======== EXTRACTED MATERIAL

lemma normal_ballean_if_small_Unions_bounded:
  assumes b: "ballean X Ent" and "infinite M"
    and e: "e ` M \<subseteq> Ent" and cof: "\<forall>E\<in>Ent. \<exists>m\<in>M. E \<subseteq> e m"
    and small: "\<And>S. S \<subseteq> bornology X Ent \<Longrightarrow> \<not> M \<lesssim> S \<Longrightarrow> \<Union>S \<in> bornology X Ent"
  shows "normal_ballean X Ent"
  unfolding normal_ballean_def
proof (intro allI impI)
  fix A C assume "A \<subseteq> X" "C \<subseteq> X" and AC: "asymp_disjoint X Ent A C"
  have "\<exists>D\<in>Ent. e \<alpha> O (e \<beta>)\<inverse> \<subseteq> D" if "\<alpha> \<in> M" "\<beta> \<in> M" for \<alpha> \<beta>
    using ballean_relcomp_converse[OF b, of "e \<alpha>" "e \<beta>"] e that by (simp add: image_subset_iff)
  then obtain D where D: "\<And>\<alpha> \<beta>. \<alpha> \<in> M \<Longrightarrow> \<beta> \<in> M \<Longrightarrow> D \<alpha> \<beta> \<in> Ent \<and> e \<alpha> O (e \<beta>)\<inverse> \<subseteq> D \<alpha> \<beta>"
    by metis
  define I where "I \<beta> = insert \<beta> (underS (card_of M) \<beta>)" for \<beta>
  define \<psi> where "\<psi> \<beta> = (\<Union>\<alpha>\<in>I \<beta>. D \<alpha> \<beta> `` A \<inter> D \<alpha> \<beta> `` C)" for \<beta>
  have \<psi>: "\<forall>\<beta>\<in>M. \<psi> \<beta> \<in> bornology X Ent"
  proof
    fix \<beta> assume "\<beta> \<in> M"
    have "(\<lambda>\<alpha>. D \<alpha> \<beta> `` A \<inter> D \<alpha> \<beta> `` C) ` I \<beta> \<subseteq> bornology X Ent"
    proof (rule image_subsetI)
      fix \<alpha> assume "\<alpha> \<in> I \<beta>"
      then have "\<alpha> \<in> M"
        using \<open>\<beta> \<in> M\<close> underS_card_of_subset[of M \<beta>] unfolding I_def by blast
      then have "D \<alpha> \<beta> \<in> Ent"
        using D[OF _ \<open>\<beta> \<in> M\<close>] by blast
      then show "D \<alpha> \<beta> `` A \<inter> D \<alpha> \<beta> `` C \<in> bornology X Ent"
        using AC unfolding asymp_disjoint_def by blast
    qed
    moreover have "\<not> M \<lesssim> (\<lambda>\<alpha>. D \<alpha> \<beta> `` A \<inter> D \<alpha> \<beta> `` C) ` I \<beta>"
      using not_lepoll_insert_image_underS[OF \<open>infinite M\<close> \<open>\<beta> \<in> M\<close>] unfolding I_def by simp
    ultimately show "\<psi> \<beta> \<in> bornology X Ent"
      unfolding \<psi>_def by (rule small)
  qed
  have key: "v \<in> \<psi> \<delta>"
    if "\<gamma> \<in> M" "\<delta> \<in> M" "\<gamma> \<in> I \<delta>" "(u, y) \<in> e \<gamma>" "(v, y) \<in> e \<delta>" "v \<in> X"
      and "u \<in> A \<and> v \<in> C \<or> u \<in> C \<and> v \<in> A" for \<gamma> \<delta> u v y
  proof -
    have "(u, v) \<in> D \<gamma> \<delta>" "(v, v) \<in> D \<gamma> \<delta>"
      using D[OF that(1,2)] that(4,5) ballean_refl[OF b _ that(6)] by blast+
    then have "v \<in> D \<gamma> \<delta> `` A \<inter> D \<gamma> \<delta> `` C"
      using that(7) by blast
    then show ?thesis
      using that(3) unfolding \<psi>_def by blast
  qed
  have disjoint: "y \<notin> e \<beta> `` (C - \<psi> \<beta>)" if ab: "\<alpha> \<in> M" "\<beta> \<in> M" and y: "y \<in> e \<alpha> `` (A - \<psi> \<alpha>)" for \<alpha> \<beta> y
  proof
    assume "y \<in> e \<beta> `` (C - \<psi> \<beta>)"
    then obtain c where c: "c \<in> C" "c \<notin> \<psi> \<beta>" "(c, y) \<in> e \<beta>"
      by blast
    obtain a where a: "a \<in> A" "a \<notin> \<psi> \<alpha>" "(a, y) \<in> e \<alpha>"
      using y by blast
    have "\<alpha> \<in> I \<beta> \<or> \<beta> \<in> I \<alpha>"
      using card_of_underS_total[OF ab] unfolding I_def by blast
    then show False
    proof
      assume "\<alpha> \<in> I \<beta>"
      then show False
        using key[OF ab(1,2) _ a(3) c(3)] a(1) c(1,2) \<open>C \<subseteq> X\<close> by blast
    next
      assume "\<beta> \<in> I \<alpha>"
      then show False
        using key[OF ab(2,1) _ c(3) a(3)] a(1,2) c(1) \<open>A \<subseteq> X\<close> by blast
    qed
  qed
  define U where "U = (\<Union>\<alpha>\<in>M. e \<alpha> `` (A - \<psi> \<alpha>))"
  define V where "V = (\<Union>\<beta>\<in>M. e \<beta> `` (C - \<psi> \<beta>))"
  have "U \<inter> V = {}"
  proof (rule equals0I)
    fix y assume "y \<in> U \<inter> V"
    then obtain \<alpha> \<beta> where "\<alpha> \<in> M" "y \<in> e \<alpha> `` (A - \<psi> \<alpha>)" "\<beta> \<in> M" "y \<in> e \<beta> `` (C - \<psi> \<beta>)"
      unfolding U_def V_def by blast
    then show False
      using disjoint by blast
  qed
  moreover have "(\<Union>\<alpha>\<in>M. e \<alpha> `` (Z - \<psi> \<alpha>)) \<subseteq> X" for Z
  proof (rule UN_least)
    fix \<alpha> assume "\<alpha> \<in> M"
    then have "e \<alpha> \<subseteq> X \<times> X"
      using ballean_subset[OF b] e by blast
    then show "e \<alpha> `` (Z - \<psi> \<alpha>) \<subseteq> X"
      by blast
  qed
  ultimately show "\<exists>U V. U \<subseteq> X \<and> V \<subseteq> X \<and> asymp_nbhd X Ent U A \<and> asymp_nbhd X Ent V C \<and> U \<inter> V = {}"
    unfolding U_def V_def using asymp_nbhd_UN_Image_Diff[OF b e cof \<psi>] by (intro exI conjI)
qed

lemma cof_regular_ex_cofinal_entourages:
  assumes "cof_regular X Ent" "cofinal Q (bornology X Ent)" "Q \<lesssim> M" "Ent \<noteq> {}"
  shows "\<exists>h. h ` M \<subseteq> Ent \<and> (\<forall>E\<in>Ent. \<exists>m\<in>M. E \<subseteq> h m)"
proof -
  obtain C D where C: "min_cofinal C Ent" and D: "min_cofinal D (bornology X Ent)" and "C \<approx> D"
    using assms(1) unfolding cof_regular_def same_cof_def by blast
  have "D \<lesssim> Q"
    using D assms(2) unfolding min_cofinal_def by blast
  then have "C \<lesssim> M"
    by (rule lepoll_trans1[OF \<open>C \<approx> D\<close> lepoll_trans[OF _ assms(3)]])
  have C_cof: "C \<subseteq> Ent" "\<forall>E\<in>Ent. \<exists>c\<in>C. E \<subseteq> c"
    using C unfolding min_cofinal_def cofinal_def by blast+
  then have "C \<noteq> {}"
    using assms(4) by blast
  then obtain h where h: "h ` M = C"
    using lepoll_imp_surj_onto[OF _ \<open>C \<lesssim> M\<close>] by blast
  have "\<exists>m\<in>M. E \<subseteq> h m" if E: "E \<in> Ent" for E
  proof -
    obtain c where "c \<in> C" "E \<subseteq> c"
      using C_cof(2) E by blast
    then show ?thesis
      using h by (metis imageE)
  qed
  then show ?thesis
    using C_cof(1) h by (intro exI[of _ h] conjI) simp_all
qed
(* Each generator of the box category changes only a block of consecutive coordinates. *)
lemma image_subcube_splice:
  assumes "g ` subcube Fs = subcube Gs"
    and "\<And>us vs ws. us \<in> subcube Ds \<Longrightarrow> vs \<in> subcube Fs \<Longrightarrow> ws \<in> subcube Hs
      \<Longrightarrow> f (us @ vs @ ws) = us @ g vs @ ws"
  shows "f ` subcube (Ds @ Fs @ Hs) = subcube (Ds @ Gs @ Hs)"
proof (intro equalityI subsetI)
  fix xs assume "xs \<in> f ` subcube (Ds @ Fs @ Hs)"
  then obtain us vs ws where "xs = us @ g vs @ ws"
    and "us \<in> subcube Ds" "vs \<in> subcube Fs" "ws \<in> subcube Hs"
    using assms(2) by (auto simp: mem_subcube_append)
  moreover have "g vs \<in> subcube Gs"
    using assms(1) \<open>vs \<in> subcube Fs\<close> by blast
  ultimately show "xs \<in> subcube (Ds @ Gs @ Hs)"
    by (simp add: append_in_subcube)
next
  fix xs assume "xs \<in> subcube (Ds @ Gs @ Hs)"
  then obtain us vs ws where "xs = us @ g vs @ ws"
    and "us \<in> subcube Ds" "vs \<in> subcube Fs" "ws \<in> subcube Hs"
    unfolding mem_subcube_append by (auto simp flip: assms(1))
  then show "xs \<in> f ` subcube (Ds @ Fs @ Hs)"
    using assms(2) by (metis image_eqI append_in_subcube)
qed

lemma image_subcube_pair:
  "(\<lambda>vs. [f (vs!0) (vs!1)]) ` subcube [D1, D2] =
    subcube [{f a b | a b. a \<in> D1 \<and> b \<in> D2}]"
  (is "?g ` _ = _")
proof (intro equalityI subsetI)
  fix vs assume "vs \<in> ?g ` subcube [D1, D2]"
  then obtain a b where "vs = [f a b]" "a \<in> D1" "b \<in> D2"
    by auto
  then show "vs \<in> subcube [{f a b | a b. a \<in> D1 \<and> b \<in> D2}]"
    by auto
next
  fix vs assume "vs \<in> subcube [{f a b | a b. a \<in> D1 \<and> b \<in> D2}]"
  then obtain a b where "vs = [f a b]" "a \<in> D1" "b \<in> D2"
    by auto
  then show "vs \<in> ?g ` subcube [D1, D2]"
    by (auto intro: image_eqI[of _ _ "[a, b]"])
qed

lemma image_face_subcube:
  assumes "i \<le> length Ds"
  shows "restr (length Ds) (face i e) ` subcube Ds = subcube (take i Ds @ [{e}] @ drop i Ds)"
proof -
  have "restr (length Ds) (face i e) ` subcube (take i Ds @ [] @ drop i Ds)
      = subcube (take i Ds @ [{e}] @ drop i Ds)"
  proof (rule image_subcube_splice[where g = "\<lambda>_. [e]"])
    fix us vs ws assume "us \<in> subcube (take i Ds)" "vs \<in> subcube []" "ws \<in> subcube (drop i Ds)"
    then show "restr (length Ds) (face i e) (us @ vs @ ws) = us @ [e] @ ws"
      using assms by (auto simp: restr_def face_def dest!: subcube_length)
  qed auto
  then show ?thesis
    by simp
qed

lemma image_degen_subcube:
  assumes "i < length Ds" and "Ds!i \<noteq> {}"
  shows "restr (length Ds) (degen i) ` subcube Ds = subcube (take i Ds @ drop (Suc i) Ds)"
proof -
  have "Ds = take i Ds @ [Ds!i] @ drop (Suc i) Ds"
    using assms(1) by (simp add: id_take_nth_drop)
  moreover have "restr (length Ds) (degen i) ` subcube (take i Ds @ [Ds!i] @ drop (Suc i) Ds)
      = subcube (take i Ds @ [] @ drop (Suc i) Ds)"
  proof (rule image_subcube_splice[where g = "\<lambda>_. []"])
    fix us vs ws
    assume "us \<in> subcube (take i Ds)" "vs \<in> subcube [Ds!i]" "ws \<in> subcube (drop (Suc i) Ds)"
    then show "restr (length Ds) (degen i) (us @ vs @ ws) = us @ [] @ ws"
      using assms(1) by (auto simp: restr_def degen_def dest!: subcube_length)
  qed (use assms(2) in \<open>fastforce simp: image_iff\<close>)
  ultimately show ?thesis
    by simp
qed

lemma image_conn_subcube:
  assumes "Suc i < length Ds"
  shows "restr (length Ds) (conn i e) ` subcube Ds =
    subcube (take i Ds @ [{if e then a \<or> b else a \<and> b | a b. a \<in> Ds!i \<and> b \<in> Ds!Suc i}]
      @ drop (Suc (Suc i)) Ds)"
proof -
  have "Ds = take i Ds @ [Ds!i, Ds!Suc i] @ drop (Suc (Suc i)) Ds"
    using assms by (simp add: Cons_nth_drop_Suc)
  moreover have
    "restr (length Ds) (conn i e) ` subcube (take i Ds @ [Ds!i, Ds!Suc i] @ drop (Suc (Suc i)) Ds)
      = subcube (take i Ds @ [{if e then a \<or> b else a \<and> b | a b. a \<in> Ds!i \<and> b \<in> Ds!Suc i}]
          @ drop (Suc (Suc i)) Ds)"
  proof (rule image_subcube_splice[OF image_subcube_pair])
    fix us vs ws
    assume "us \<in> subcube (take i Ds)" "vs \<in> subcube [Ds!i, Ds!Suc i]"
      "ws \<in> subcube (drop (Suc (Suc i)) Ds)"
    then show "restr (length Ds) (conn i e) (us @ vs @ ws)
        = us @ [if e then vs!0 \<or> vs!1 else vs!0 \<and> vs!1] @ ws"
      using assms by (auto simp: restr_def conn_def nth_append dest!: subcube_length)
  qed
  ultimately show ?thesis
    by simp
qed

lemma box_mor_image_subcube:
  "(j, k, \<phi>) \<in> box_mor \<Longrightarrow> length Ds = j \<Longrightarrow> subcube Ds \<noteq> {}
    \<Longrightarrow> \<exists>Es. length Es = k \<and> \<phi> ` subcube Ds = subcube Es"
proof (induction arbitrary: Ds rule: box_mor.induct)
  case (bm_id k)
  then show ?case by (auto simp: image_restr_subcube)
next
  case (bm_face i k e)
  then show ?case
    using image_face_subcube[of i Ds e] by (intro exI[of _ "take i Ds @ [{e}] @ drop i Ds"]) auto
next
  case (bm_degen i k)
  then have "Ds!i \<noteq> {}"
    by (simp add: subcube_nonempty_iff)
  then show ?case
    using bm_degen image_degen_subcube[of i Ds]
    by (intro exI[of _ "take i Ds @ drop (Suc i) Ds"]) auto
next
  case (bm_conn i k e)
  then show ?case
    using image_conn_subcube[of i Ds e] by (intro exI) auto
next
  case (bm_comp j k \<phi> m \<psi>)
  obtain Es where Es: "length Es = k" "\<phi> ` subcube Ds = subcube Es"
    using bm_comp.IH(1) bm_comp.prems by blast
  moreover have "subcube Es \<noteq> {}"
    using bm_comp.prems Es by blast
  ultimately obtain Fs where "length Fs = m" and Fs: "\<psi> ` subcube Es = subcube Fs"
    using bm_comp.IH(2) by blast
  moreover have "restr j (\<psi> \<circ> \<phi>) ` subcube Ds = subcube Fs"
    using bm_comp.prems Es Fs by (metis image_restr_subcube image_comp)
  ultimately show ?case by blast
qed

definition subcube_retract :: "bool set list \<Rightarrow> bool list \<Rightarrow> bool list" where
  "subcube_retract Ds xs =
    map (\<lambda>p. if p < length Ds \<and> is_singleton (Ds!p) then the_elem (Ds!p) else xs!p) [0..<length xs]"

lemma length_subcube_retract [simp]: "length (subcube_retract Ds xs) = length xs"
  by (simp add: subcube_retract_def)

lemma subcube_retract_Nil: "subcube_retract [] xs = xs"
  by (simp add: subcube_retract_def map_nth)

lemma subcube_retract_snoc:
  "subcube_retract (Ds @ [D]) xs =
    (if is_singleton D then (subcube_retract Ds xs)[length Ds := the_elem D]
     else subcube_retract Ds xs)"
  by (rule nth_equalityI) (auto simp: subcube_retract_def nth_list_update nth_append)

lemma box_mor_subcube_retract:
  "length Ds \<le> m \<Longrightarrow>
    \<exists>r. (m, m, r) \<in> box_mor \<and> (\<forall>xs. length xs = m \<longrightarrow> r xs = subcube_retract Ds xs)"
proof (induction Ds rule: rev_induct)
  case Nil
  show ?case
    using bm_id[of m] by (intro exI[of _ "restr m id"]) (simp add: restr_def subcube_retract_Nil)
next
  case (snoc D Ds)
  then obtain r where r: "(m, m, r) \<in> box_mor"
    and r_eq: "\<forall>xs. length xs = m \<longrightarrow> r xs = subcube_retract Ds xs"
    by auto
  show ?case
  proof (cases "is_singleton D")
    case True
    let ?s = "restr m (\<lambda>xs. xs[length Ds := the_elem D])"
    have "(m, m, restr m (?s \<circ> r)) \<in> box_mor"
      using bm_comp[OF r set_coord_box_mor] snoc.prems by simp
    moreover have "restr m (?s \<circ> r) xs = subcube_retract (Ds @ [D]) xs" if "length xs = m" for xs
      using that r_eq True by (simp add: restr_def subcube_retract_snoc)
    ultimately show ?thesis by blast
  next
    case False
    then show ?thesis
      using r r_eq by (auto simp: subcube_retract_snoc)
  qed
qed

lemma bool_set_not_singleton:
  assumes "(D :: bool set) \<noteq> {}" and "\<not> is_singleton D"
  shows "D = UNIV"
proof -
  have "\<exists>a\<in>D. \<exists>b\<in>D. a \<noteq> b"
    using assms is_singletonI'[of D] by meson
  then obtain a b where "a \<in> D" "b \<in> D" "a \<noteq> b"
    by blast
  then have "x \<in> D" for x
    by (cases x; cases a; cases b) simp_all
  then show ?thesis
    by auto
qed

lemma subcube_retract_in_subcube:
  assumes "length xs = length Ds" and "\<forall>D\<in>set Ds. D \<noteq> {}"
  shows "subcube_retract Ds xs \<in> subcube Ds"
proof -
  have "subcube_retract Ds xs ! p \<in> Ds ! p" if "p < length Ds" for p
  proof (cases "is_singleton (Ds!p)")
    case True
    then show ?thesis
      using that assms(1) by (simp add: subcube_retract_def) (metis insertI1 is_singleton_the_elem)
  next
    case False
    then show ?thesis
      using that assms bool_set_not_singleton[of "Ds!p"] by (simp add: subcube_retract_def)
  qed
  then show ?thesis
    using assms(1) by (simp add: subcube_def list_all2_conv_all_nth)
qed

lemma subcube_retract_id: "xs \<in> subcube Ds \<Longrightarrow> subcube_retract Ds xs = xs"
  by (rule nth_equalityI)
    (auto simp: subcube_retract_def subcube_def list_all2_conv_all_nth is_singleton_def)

================

• TASK BRIEF
Note how many lines in the listing above contain the word "assumes" and give only that number.

• ANSWER
8